Provided entries Block Start

lemma nn_integral_basket_measure_basket:
  assumes t: "t \<in> {0..T}" and A [measurable]: "A \<in> sets (F t)"
  shows "(\<integral>\<^sup>+\<omega>. ennreal (basket S t \<omega> i) * indicator A \<omega> \<partial>basket_measure)
    = ennreal (basket0 F S i) * emeasure (Q i) A"
proof -
  have A_T: "A \<in> sets (F T)" by (rule sets_F_subset[OF t A])
  have "(\<integral>\<^sup>+\<omega>. ennreal (basket S t \<omega> i) * indicator A \<omega> \<partial>basket_measure)
      = (\<Sum>j\<in>UNIV. ennreal (basket0 F S j) * (\<integral>\<^sup>+\<omega>. ennreal (basket S t \<omega> i) * indicator A \<omega> \<partial>Q j))"
    unfolding basket_measure_def using measurable_basket_F_T[OF t] A_T
    by (intro nn_integral_weighted_sum_measure) (simp_all add: sets_Q)
  also have "\<dots> = ennreal (basket0 F S i) * (\<Sum>j\<in>UNIV. \<integral>\<^sup>+\<omega>. ennreal (basket S t \<omega> j) * indicator A \<omega> \<partial>Q i)"
    by (simp add: nn_integral_basket_swap[OF t A] sum_distrib_left)
  also have "(\<Sum>j\<in>UNIV. \<integral>\<^sup>+\<omega>. ennreal (basket S t \<omega> j) * indicator A \<omega> \<partial>Q i)
      = (\<integral>\<^sup>+\<omega>. (\<Sum>j\<in>UNIV. ennreal (basket S t \<omega> j)) * indicator A \<omega> \<partial>Q i)"
    using t A_T by (simp add: nn_integral_sum[symmetric] sum_distrib_right measurable_Q_F sets_Q)
  also have "\<dots> = (\<integral>\<^sup>+\<omega>. indicator A \<omega> \<partial>Q i)"
    by (intro nn_integral_cong) (simp add: sum_basket[OF t] space_Q)
  also have "\<dots> = emeasure (Q i) A"
    using A_T by (simp add: sets_Q)
  finally show ?thesis .
qed

lemma integrable_basket_measure_basket:
  assumes t: "t \<in> {0..T}"
  shows "integrable basket_measure (\<lambda>\<omega>. basket S t \<omega> i)"
proof (rule finite_measure.integrable_const_bound[where B = 1])
  show "finite_measure basket_measure"
    using prob_space_basket_measure by (rule prob_space.finite_measure)
  show "AE \<omega> in basket_measure. norm (basket S t \<omega> i) \<le> 1"
    using basket_le_1[OF t] by (intro AE_I2) (simp add: basket_nonneg)
qed (use measurable_basket_F_T[OF t] in simp)

lemma integral_basket_measure_basket:
  assumes t: "t \<in> {0..T}" and A: "A \<in> sets (F t)"
  shows "(\<integral>\<omega>. basket S t \<omega> i * indicator A \<omega> \<partial>basket_measure) = basket0 F S i * measure (Q i) A"
proof -
  have "ennreal (\<integral>\<omega>. basket S t \<omega> i * indicator A \<omega> \<partial>basket_measure) = ennreal (basket0 F S i) * emeasure (Q i) A"
    using integrable_basket_measure_basket[OF t] sets_F_subset[OF t A]
    by (simp add: nn_integral_mult_indicator_eq_integral[symmetric] basket_nonneg
        nn_integral_basket_measure_basket[OF t A])
  also have "\<dots> = ennreal (basket0 F S i * measure (Q i) A)"
    using basket0_pos[of i]
    by (simp add: ennreal_mult finite_measure.emeasure_eq_measure[OF prob_space.finite_measure[OF prob_space_Q]])
  finally show ?thesis
    using basket0_pos[of i] basket_nonneg
    by (subst (asm) ennreal_inj) (auto intro!: integral_nonneg_AE simp: basket_nonneg split: split_indicator)
qed

lemma valuation_measure_basket_measure: "valuation_measure F T S basket_measure"
  unfolding valuation_measure_def prob_on_def martingale_def
proof (intro conjI allI impI ballI prob_space_basket_measure sets_basket_measure)
  fix i t assume t: "t \<in> {0..T}"
  show "(\<lambda>\<omega>. basket S t \<omega> i) \<in> borel_measurable (F t)"
    using t by (rule measurable_basket)
  show "integrable basket_measure (\<lambda>\<omega>. basket S t \<omega> i)"
    using t by (rule integrable_basket_measure_basket)
next
  fix i s t A assume st: "0 \<le> s" "s \<le> t" "t \<le> T" and A: "A \<in> sets (F s)"
  then have "A \<in> sets (F t)"
    using sets_F_mono by blast
  then show "(\<integral>\<omega>. indicator A \<omega> * basket S t \<omega> i \<partial>basket_measure)
      = (\<integral>\<omega>. indicator A \<omega> * basket S s \<omega> i \<partial>basket_measure)"
    using integral_basket_measure_basket[of t A i] integral_basket_measure_basket[of s A i] st A
    by (simp add: mult.commute)
qed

Provided entries Block End

## [Work to be completed]
For the entries above, give only the number of lines that contain the word "assumes".

## [Answer]
3